TASK: Your response should contain every line from the data below that holds the string "lemma".

DATA FOR THIS EXERCISE:
►

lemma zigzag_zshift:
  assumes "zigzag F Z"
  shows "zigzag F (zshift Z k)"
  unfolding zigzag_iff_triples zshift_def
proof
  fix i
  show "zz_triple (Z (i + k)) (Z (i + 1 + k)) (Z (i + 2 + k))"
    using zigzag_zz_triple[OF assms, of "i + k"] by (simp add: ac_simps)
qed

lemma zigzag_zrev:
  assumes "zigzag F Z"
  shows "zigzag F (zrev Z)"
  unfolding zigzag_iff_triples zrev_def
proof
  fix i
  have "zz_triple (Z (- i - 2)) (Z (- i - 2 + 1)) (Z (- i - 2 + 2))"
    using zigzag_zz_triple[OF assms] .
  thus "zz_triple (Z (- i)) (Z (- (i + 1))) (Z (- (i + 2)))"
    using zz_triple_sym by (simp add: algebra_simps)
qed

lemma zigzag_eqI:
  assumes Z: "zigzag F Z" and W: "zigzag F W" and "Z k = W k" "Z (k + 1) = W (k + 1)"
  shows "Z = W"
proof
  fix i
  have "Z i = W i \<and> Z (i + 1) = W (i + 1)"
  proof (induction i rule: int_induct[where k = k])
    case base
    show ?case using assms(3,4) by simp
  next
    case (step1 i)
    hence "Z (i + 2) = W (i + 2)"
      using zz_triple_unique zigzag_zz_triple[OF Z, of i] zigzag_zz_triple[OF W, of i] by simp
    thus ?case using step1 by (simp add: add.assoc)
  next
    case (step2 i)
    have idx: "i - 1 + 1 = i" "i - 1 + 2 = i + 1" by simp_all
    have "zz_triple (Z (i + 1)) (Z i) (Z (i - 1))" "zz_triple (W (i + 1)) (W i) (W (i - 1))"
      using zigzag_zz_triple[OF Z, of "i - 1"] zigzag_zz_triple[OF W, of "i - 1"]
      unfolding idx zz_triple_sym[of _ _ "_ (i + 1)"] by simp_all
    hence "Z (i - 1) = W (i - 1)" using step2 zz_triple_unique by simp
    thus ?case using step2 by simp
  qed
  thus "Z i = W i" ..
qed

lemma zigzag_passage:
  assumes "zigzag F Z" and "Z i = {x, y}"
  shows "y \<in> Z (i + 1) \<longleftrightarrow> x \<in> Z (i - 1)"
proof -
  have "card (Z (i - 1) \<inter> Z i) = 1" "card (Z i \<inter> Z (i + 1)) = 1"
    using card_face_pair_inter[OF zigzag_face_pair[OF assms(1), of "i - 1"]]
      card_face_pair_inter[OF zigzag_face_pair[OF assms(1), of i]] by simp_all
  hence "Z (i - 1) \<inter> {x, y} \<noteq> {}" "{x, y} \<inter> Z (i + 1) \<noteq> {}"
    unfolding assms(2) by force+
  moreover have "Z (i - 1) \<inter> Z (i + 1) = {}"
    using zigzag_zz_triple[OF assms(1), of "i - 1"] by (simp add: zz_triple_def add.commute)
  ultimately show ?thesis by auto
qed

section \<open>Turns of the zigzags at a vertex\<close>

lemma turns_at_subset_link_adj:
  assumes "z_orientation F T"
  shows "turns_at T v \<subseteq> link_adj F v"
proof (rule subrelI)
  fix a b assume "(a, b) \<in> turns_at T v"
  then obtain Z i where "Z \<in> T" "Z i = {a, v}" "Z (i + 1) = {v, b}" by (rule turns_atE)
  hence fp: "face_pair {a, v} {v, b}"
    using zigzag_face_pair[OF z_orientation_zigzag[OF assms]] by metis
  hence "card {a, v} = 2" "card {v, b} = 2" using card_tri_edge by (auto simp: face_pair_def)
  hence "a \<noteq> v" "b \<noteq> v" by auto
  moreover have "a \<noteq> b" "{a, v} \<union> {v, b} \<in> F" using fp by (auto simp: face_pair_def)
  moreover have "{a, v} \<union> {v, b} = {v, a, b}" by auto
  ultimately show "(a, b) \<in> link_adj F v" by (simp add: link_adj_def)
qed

◄

RESULT OF THE TASK:
lemma zigzag_zshift:
lemma zigzag_zrev:
lemma zigzag_eqI:
lemma zigzag_passage:
lemma turns_at_subset_link_adj:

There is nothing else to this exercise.